▶ [Provided records]
»»

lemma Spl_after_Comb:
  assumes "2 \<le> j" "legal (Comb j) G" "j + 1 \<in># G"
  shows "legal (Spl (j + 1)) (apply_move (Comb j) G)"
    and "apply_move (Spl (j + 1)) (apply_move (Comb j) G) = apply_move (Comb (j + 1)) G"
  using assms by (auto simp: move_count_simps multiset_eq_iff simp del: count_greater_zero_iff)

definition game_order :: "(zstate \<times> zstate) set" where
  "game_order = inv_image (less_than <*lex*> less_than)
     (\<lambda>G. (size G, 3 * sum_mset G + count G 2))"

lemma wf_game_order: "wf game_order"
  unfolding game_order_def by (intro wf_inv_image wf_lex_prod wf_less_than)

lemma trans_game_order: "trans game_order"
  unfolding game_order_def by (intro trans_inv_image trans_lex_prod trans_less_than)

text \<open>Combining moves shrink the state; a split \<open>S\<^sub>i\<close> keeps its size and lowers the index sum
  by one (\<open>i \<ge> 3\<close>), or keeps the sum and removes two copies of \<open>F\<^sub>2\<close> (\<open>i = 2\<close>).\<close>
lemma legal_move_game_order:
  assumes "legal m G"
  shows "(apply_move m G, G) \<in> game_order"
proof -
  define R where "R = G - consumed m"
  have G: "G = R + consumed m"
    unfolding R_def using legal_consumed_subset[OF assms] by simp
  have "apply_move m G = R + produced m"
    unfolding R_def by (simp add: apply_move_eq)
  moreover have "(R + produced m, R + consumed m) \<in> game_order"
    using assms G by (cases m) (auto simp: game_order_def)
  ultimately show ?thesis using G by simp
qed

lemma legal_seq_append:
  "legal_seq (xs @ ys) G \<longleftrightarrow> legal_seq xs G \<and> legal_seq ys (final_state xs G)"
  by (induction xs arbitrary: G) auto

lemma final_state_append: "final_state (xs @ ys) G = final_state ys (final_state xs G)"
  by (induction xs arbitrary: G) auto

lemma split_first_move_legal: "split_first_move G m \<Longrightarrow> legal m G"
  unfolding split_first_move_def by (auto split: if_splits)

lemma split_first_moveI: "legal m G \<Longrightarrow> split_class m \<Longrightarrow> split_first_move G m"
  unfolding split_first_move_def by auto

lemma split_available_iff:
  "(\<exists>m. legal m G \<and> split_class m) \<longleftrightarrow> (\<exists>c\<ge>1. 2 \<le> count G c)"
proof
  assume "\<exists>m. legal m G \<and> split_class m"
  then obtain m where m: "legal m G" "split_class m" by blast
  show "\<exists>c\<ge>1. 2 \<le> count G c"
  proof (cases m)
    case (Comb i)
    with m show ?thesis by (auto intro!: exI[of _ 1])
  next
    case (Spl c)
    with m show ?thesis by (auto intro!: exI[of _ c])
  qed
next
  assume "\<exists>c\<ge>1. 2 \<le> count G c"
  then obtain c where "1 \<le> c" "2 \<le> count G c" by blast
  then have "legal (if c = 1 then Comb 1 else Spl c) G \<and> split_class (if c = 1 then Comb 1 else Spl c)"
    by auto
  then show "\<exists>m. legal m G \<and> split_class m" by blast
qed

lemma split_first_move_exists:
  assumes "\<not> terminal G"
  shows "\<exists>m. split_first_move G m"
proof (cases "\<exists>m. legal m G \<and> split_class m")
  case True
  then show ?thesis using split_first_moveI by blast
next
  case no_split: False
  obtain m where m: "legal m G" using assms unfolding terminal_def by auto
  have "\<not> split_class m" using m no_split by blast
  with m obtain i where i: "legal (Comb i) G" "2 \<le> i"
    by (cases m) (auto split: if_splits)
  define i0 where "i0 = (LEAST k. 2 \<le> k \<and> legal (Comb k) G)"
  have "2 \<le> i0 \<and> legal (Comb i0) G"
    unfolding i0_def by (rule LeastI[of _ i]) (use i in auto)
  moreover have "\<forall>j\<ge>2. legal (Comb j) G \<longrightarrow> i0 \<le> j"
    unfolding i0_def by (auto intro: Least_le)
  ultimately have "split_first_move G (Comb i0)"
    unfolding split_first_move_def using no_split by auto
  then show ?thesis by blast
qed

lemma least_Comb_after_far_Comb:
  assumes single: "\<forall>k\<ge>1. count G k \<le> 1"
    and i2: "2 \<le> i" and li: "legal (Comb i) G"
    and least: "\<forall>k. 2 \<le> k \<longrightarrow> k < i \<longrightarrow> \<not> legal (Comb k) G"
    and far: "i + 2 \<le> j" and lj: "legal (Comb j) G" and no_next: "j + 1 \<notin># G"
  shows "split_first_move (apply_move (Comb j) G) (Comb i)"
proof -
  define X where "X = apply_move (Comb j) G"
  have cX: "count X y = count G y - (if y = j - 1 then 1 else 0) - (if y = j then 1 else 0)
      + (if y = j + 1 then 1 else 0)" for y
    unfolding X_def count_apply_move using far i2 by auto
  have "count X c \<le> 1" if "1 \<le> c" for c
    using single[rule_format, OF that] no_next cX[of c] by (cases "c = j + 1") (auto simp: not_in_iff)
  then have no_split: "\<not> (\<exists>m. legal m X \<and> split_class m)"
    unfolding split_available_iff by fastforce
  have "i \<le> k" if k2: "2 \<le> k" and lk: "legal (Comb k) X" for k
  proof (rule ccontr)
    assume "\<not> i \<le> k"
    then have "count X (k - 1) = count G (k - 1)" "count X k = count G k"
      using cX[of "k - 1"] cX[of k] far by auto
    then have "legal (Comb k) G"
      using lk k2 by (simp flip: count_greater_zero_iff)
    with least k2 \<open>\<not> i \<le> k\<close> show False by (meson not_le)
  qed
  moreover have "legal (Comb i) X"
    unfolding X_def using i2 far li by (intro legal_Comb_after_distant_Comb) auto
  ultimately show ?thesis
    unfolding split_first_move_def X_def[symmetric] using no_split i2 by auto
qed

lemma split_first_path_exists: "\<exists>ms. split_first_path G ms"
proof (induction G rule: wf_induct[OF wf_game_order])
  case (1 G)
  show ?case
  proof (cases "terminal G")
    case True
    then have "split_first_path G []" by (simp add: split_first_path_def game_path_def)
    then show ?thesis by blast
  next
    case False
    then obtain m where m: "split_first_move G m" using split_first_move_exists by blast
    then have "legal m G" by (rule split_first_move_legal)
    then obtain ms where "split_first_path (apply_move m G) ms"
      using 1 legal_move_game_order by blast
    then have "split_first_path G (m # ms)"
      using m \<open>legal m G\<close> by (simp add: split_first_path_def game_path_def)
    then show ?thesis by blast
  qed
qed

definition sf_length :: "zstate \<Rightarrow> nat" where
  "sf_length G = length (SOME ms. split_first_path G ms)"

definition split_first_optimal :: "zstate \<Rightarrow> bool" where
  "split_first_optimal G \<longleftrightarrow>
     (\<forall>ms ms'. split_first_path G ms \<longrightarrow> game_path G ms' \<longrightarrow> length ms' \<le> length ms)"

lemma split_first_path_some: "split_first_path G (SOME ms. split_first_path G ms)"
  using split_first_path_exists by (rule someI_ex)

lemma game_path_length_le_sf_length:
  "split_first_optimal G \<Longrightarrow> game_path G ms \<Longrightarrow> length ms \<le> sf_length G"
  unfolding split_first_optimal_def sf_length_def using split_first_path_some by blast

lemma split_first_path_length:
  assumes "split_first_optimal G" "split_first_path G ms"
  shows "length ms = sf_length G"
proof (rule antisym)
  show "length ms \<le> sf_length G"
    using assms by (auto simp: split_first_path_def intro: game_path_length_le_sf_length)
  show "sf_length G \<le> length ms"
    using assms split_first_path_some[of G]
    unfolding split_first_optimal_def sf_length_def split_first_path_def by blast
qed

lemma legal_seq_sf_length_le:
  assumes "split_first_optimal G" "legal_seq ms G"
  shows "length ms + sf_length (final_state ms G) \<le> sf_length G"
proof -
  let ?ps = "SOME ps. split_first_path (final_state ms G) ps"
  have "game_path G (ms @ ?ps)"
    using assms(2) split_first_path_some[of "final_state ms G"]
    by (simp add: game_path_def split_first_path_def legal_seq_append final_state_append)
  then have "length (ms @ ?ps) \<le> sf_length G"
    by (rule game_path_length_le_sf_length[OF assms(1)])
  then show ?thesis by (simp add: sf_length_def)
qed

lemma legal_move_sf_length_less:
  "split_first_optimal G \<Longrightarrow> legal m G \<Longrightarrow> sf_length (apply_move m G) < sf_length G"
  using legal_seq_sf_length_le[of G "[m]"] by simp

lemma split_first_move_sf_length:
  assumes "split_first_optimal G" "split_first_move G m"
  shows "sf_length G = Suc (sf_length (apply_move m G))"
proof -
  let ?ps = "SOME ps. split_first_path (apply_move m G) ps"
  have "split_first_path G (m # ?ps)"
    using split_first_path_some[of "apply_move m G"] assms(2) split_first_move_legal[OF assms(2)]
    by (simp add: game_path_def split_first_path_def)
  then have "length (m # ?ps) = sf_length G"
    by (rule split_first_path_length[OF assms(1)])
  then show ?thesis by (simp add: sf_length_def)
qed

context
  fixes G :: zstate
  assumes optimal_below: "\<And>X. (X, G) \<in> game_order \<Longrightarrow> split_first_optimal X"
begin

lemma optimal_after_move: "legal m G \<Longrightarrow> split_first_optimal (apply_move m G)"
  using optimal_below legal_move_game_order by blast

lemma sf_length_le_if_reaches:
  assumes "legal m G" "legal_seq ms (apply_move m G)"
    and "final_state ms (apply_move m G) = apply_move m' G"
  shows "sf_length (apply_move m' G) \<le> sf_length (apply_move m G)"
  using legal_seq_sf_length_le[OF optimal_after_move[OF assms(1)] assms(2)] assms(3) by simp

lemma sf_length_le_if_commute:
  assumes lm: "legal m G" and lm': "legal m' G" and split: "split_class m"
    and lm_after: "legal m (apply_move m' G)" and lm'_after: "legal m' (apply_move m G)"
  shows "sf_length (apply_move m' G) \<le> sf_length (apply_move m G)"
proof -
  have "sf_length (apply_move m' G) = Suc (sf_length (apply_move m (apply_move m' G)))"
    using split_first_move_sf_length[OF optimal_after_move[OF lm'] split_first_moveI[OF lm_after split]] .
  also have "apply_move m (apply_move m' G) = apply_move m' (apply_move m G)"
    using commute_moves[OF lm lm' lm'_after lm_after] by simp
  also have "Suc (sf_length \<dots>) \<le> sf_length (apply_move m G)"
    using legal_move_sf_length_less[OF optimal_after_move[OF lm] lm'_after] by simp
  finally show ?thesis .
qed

««

▶ [Exercise prompt]
Work through the records line by line and tally those that include the word "keeps". Give the number alone.

▶ [Task response]
2